Igual que su padre, un simple periodista que alza la voz puede que no consiga nada.
—Desde el incidente hasta ahora, ¿ha venido alguien de la Familia Hawthorne?
—Solo vino un chófer y nos dio doscientos mil yuanes, diciendo que era una indemnización. No lo aceptamos, rompimos la tarjeta allí mismo.
¡Qué abuso!
¿Acaso una mano y un futuro brillante solo valen doscientos mil yuanes?
Durante todo ese tiempo, Rowan Nash permaneció bajo la manta. La señora Nash, completamente impotente, dijo: —No come bien, no se levanta de la cama y ni hablar de ir al colegio. Estoy muy preocupada…
Elena se agachó, tirando suavemente de la fina manta.
—Los que están equivocados nunca eres tú. Quienes te hicieron daño ahora van al colegio como si nada, quizá hablando de qué película ver después de clase o a qué famoso seguir. No solo te hirieron, sino que quieren verte desmoronarte, que te rindas. Porque tu yo de antes era demasiado deslumbrante y han esperado tu caída. Pero, ¿vas a resignarte?
Cuando Elena se disponía a marcharse, la señora Nash la detuvo.

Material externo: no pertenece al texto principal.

definition ssr :: "real mat \<Rightarrow> real vec \<Rightarrow> real vec \<Rightarrow> real" where
  "ssr A Y \<theta> = (Y - A *\<^sub>v \<theta>) \<bullet> (Y - A *\<^sub>v \<theta>)"

definition rls_coef :: "real mat \<Rightarrow> real mat \<Rightarrow> real vec \<Rightarrow> real vec" where
  "rls_coef A R Y = (THE \<theta>. \<theta> \<in> carrier_vec (dim_col A) \<and> R *\<^sub>v \<theta> = 0\<^sub>v (dim_row R) \<and>
      (\<forall>\<theta>'\<in>carrier_vec (dim_col A). R *\<^sub>v \<theta>' = 0\<^sub>v (dim_row R) \<longrightarrow> ssr A Y \<theta> \<le> ssr A Y \<theta>'))"

definition rls_resid :: "real mat \<Rightarrow> real mat \<Rightarrow> real vec \<Rightarrow> real vec" where
  "rls_resid A R Y = Y - A *\<^sub>v rls_coef A R Y"

definition rls_M :: "real mat \<Rightarrow> real mat \<Rightarrow> real mat" where
  "rls_M A R = minv (transpose_mat A * A) * transpose_mat R
      * minv (R * minv (transpose_mat A * A) * transpose_mat R)"

definition rls_cov :: "real mat \<Rightarrow> real mat \<Rightarrow> real vec \<Rightarrow> real mat" where
  "rls_cov A R Y = (let P = 1\<^sub>m (dim_col A) - rls_M A R * R
      in P * sandwich A (rls_resid A R Y) * transpose_mat P)"

text \<open>Factors are indexed 0..K-1 (factor k+1 of the paper is k here); treatment levels are
  indexed 0..2^K-1 (level q+1 of the paper is q here).  Lexicographic order with -1 before +1
  means level q corresponds to the binary expansion of q, factor 0 being the most significant
  digit: z_k = +1 iff bit (K-1-k) of q is set.\<close>
definition zlev :: "nat \<Rightarrow> nat \<Rightarrow> nat \<Rightarrow> real" where
  "zlev K q k = (if bit q (K - 1 - k) then 1 else -1)"

definition zprod :: "nat \<Rightarrow> nat set \<Rightarrow> nat \<Rightarrow> real" where
  "zprod K S q = (\<Prod>k\<in>S. zlev K q k)"

definition cvec :: "nat \<Rightarrow> nat set \<Rightarrow> real vec" where
  "cvec K S = vec (2^K) (\<lambda>q. zprod K S q / 2^(K-1))"

definition PK' :: "nat \<Rightarrow> nat set set" where "PK' K = Pow {..<K}"
definition PK :: "nat \<Rightarrow> nat set set" where "PK K = {S \<in> PK' K. S \<noteq> {}}"

definition subsets_list :: "nat \<Rightarrow> nat set list" where
  "subsets_list K = map (\<lambda>m. {k. k < K \<and> bit m k}) [0..<2^K]"

text \<open>Matrix with rows c_S for S in a list (the zero row if the list is empty); the
  restriction matrix below simply omits such vacuous zero rows.\<close>
definition Cmat :: "nat \<Rightarrow> nat set list \<Rightarrow> real mat" where
  "Cmat K Fs = mat_of_rows (2^K) (map (cvec K) Fs)"

definition Fminus :: "nat \<Rightarrow> nat set list \<Rightarrow> nat set list" where
  "Fminus K Fp = filter (\<lambda>S. S \<in> PK K \<and> S \<notin> set Fp) (subsets_list K)"

definition Fminus' :: "nat \<Rightarrow> nat set list \<Rightarrow> nat set list" where
  "Fminus' K Fp' = filter (\<lambda>S. S \<in> PK' K \<and> S \<notin> set Fp') (subsets_list K)"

Sacó nerviosamente un fajo de billetes del armario del salón.
—Lo siento, no es mucho, pero por favor, no le importe.
Por supuesto, Elena no lo iba a coger. —Si quisiera dinero, iría a pedirle a los Hawthorne dinero por mi silencio.
—Gracias…
Elena sintió que no se lo merecía. —Si los periodistas hiciéramos la vista gorda, me despreciaría a mí misma.
Dean esperaba en el coche y Elena subió. Él se inclinó con entusiasmo. —¿Qué tal ha ido?
—Está relacionado con la Familia Hawthorne, quiero hacer este reportaje.
Sus palabras eran firmes; los labios de Dean se movieron mientras veía a Elena bajar la ventanilla.
Afuera, el sol se esparcía como purpurina dorada. Los tres años de vida carcelaria casi habían aplastado a Elena hasta dejarla sin aliento.
Sin embargo, ahora, al mirar a Elena, Dean sintió que la Elena que conocía parecía haber vuelto.